§ TASK STATEMENT
Show every line of the data that contains the string "mathbb".

───── RECORD SET ─────

lemma finite_rankings: "finite T \<Longrightarrow> finite (rankings T)"
  by (rule finite_subset[of _ "T \<rightarrow>\<^sub>E {..<card T}"]) (auto simp: rankings_def intro: finite_PiE)

lemma rankings_bij_betw: "\<sigma> \<in> rankings T \<Longrightarrow> bij_betw \<sigma> T {..<card T}"
  by (simp add: rankings_def)

lemma ranking_eq_card_below:
  assumes "\<sigma> \<in> rankings T" "i \<in> T"
  shows "\<sigma> i = card {j \<in> T. \<sigma> j < \<sigma> i}"
proof -
  have b: "bij_betw \<sigma> T {..<card T}" using assms(1) by (rule rankings_bij_betw)
  have "\<sigma> i < card T" using b assms(2) by (auto simp: bij_betw_def)
  then have "{..<\<sigma> i} \<subseteq> \<sigma> ` T" using b by (auto simp: bij_betw_def)
  then have "\<sigma> ` {j \<in> T. \<sigma> j < \<sigma> i} = {..<\<sigma> i}" by auto
  moreover have "inj_on \<sigma> {j \<in> T. \<sigma> j < \<sigma> i}"
    using b by (auto simp: bij_betw_def intro: inj_on_subset)
  ultimately show ?thesis by (metis card_image card_lessThan)
qed

definition desc_rank :: "'a set \<Rightarrow> ('a \<Rightarrow> real) \<Rightarrow> 'a \<Rightarrow> nat" where
  "desc_rank T p = (\<lambda>i\<in>T. card {j \<in> T. p i < p j})"

definition ranks_desc :: "'a set \<Rightarrow> ('a \<Rightarrow> real) \<Rightarrow> ('a \<Rightarrow> nat) \<Rightarrow> bool" where
  "ranks_desc T p \<sigma> \<longleftrightarrow> (\<forall>i\<in>T. \<forall>j\<in>T. \<sigma> i < \<sigma> j \<longrightarrow> p j < p i)"

lemma desc_rank_less:
  assumes "finite T" "i \<in> T" "j \<in> T" "p i < p j"
  shows "desc_rank T p j < desc_rank T p i"
proof -
  have "{l \<in> T. p j < p l} \<subset> {l \<in> T. p i < p l}" using assms by auto
  then show ?thesis using assms by (simp add: desc_rank_def psubset_card_mono)
qed

lemma desc_rank_less_iff:
  assumes T: "finite T" and inj: "inj_on p T" and ij: "i \<in> T" "j \<in> T"
  shows "desc_rank T p j < desc_rank T p i \<longleftrightarrow> p i < p j"
proof
  assume less: "desc_rank T p j < desc_rank T p i"
  show "p i < p j"
  proof (rule ccontr)
    assume "\<not> p i < p j"
    then consider "p i = p j" | "p j < p i" by linarith
    then show False
    proof cases
      case 1
      then show False using less inj_onD[OF inj 1 ij] by simp
    next
      case 2
      then show False using less desc_rank_less[OF T ij(2,1) 2] by simp
    qed
  qed
qed (rule desc_rank_less[OF T ij])
(* Let $q$ be a prime power, $n\ge 2$, $K=\mathbb{F}_{q^n}$, $d=\frac{q^n-1}{q-1}$, and for $1\le i\le n-1$ let $E_{i,\mathrm{Kum}}=K(x,y)$ with $y^d=s_{n,i}(x)$. Then $E_{i,\mathrm{Kum}}\cong E_{n-i,\mathrm{Kum}}$ as function fields over $K$.
   Context: For a prime power $q$ and integers $n\ge 1$, $0\le i\le n$, the $i$-th $(n,q)$-elementary symmetric polynomial is $s_{n,i}(t)=\sum_{0\le j_1<\dots<j_i\le n-1} t^{q^{j_1}+\dots+q^{j_i}}\in\mathbb{F}_p[t]$. *)

theory Defs
  imports "HOL-Computational_Algebra.Computational_Algebra"
begin

definition esym_q :: "nat \<Rightarrow> nat \<Rightarrow> nat \<Rightarrow> 'a::comm_ring_1 poly" where
  "esym_q q n i = (\<Sum>S\<in>{S. S \<subseteq> {..<n} \<and> card S = i}. monom 1 (\<Sum>j\<in>S. q ^ j))"

definition rat_const :: "'k::field \<Rightarrow> 'k poly fract" where
  "rat_const c = Fract [:c:] 1"

definition rat_of_poly :: "'k::field poly \<Rightarrow> 'k poly fract" where
  "rat_of_poly p = Fract p 1"

text \<open>The defining polynomial of the Kummer function field
  E = K(x)[y] / (y^d - s_{n,i}(x)), as a polynomial in y over K(x).\<close>
definition kummer_poly :: "nat \<Rightarrow> nat \<Rightarrow> nat \<Rightarrow> ('k::field poly fract) poly" where
  "kummer_poly q n i =
     monom 1 ((q ^ n - 1) div (q - 1)) - [: rat_of_poly (esym_q q n i) :]"
lemma order_key_sort_split_less:
  assumes "nonsorted_quad V \<alpha> \<beta>"
  shows "order_key {#oddpart \<tau> \<alpha> \<beta>, evenpart \<tau> \<alpha> \<beta>#} < order_key {#\<alpha>, \<beta>#}"
  using nonsorted_quad_sort_split(5)[OF assms] weight_sort_split_less[OF assms]
  by (intro order_key_less_if_weight_less) simp_all

lemma lm_binom:
  "nonsorted_quad V \<alpha> \<beta> \<Longrightarrow> lm monom_le (binom \<tau> \<alpha> \<beta> :: 'k::field ypoly) = {#\<alpha>, \<beta>#}"
  using order_key_sort_split_less by (intro lm_eqI) (auto simp: keys_binom less_imp_le)

lemma binom_in_toricIdeal:
  assumes q: "nonsorted_quad V \<alpha> \<beta>"
  shows "(binom \<tau> \<alpha> \<beta> :: 'k::field ypoly) \<in> toricIdeal V"
proof -
  note split = nonsorted_quad_sort_split[OF q]
  have "inKY V (binom \<tau> \<alpha> \<beta> :: 'k ypoly)"
    using split(1-4) by (auto simp: inKY_def is_monom_def keys_binom[OF q])
  moreover have "piY (binom \<tau> \<alpha> \<beta> :: 'k ypoly) =
      Poly_Mapping.single (pi_monom {#\<alpha>, \<beta>#}) 1 + Poly_Mapping.single (pi_monom {#\<alpha>, \<beta>#}) (-1)"
    using split(5,6) by (simp add: piY_def keys_binom[OF q] lookup_binom flip: pi_monom_def)
  ultimately show ?thesis by (simp add: toricIdeal_def flip: single_add)
qed

lemma binom_eq_if_pair_eq:
  assumes "nonsorted_quad V \<alpha> \<beta>" "{#\<alpha>', \<beta>'#} = {#\<alpha>, \<beta>#}"
  shows "binom \<tau> \<alpha>' \<beta>' = binom \<tau> \<alpha> \<beta>" and "binom_move \<tau> \<alpha>' \<beta>' = binom_move \<tau> \<alpha> \<beta>"
proof -
  have "length \<alpha> = length \<beta>" using sorted_rows nonsorted_quad_sort_split(1,2)[OF assms(1)] by simp
  moreover have "\<alpha>' = \<alpha> \<and> \<beta>' = \<beta> \<or> \<alpha>' = \<beta> \<and> \<beta>' = \<alpha>"
    using assms(2) by (auto simp: add_eq_conv_ex)
  ultimately show "binom \<tau> \<alpha>' \<beta>' = binom \<tau> \<alpha> \<beta>" "binom_move \<tau> \<alpha>' \<beta>' = binom_move \<tau> \<alpha> \<beta>"
    by (auto simp: binom_def binom_move_def oddpart_commute evenpart_commute add_mset_commute)
qed
definition tB1 :: "nat list list" where
  "tB1 = window_tableau (replicate (Suc x) (Suc P) @ [P + 4])
    (replicate (Suc y) (P + 2)) (replicate z (P + 3) @ [P + 4])"

definition tB2 :: "nat list list" where
  "tB2 = window_tableau (replicate x (Suc P) @ [P + 2, P + 4])
    (replicate (Suc y) (P + 2)) (replicate z (P + 3) @ [P + 4])"

definition tC :: "nat list list" where
  "tC = window_tableau (replicate x (Suc P) @ [P + 3, P + 4])
    (replicate (Suc y) (P + 2)) (replicate z (P + 3) @ [P + 4])"

definition tD :: "nat list list" where
  "tD = window_tableau (replicate (Suc x) (Suc P) @ [P + 4])
    (replicate y (P + 2) @ [P + 3]) (replicate z (P + 3) @ [P + 4])"

lemma in_tableaux:
  "tA \<in> tableaux n lam" "tA1 \<in> tableaux n lam" "tA2 \<in> tableaux n lam" "tA' \<in> tableaux n lam"
  "tB \<in> tableaux n lam" "tB1 \<in> tableaux n lam" "tB2 \<in> tableaux n lam"
  "tC \<in> tableaux n lam" "tD \<in> tableaux n lam"
  unfolding tA_def tA1_def tA2_def tA'_def tB_def tB1_def tB2_def tC_def tD_def
  using gap flat
  by (auto intro!: window_tableau_in_tableaux
      simp: row_lengths nth_append sorted_append nth_replicate simp del: replicate.simps)

lemma edge_A_A1: "(tA, tA1) \<in> crystal_step n lam"
  using in_tableaux unfolding tA_def tA1_def
  by (intro crystal_step_window_tableau[where i = "Suc P"])
    (use gap flat in \<open>simp_all add: F_word_replicate_simps del: replicate.simps\<close>)

lemma edge_A1_A2: "(tA1, tA2) \<in> crystal_step n lam"
  using in_tableaux unfolding tA1_def tA2_def
  by (intro crystal_step_window_tableau[where i = "P + 2"])
    (use gap flat in \<open>simp_all add: F_word_replicate_simps del: replicate.simps\<close>)

lemma edge_A2_C: "(tA2, tC) \<in> crystal_step n lam"
  using in_tableaux unfolding tA2_def tC_def
  by (intro crystal_step_window_tableau[where i = "P + 3"])
    (use gap flat in \<open>simp_all add: F_word_replicate_simps del: replicate.simps\<close>)

lemma edge_A_A': "(tA, tA') \<in> crystal_step n lam"
  using in_tableaux unfolding tA_def tA'_def
  by (intro crystal_step_window_tableau[where i = "P + 2"])
    (use gap flat in \<open>simp_all add: F_word_replicate_simps del: replicate.simps\<close>)

lemma edge_A'_D: "(tA', tD) \<in> crystal_step n lam"
  using in_tableaux unfolding tA'_def tD_def
  by (intro crystal_step_window_tableau[where i = "P + 3"])
    (use gap flat in \<open>simp_all add: F_word_replicate_simps del: replicate.simps\<close>)

lemma edge_B_B1: "(tB, tB1) \<in> crystal_step n lam"
  using in_tableaux unfolding tB_def tB1_def
  by (intro crystal_step_window_tableau[where i = "P + 3"])
    (use gap flat in \<open>simp_all add: F_word_replicate_simps del: replicate.simps\<close>)

lemma edge_B1_D: "(tB1, tD) \<in> crystal_step n lam"
  using in_tableaux unfolding tB1_def tD_def
  by (intro crystal_step_window_tableau[where i = "P + 2"])
    (use gap flat in \<open>simp_all add: F_word_replicate_simps del: replicate.simps\<close>)
text \<open>The \<nu>-order \<open>a \<le>\<^sub>\<nu> b\<close> of the paper: \<open>ea \<le> eb\<close> in the minimal ordering of \<open>R\<close>.\<close>

definition ghost_le :: "'a::comm_semiring_1 \<Rightarrow> 'a \<Rightarrow> bool" where
  "ghost_le a b \<longleftrightarrow> ghost_unit * a + ghost_unit * b = ghost_unit * b"

lemma ghost_le_total:
  assumes ST: "supertropical TYPE('a::comm_semiring_1)"
  shows "ghost_le a b \<or> ghost_le b (a::'a)"
proof (cases "ghost_unit * a = ghost_unit * b")
  case True
  then show ?thesis
    using supertropical_add_ghost_ghost[OF ST]
    unfolding ghost_le_def by (simp add: distrib_right[symmetric])
next
  case False
  then have "ghost_unit * (ghost_unit * a) \<noteq> ghost_unit * (ghost_unit * b)"
    by (simp add: ghost_unit_times_ghost[OF ST])
  from supertropical_add_distinct[OF ST this] show ?thesis
    unfolding ghost_le_def by (auto simp: add.commute)
qed

lemma ghost_le_refl:
  assumes "supertropical TYPE('a::comm_semiring_1)"
  shows "ghost_le a (a::'a)"
  using ghost_le_total[OF assms] by blast

lemma ghost_le_trans:
  assumes "ghost_le a b" "ghost_le b (c::'a::comm_semiring_1)"
  shows "ghost_le a c"
  using assms unfolding ghost_le_def by (metis add.assoc)

lemma supertropical_add_ghost_less:
  assumes ST: "supertropical TYPE('a::comm_semiring_1)"
    and "ghost_le a b" "ghost_unit * a \<noteq> ghost_unit * (b::'a)"
  shows "a + b = b"
proof -
  have "a + b \<noteq> a"
  proof
    assume "a + b = a"
    then have "ghost_unit * a + ghost_unit * b = ghost_unit * a"
      by (metis distrib_left)
    then show False
      using assms(2,3) unfolding ghost_le_def by simp
  qed
  then show ?thesis
    using supertropical_add_distinct[OF ST assms(3)] by blast
qed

─────

§ RESULT FOR THIS EXERCISE
(* Let $q$ be a prime power, $n\ge 2$, $K=\mathbb{F}_{q^n}$, $d=\frac{q^n-1}{q-1}$, and for $1\le i\le n-1$ let $E_{i,\mathrm{Kum}}=K(x,y)$ with $y^d=s_{n,i}(x)$. Then $E_{i,\mathrm{Kum}}\cong E_{n-i,\mathrm{Kum}}$ as function fields over $K$.
   Context: For a prime power $q$ and integers $n\ge 1$, $0\le i\le n$, the $i$-th $(n,q)$-elementary symmetric polynomial is $s_{n,i}(t)=\sum_{0\le j_1<\dots<j_i\le n-1} t^{q^{j_1}+\dots+q^{j_i}}\in\mathbb{F}_p[t]$. *)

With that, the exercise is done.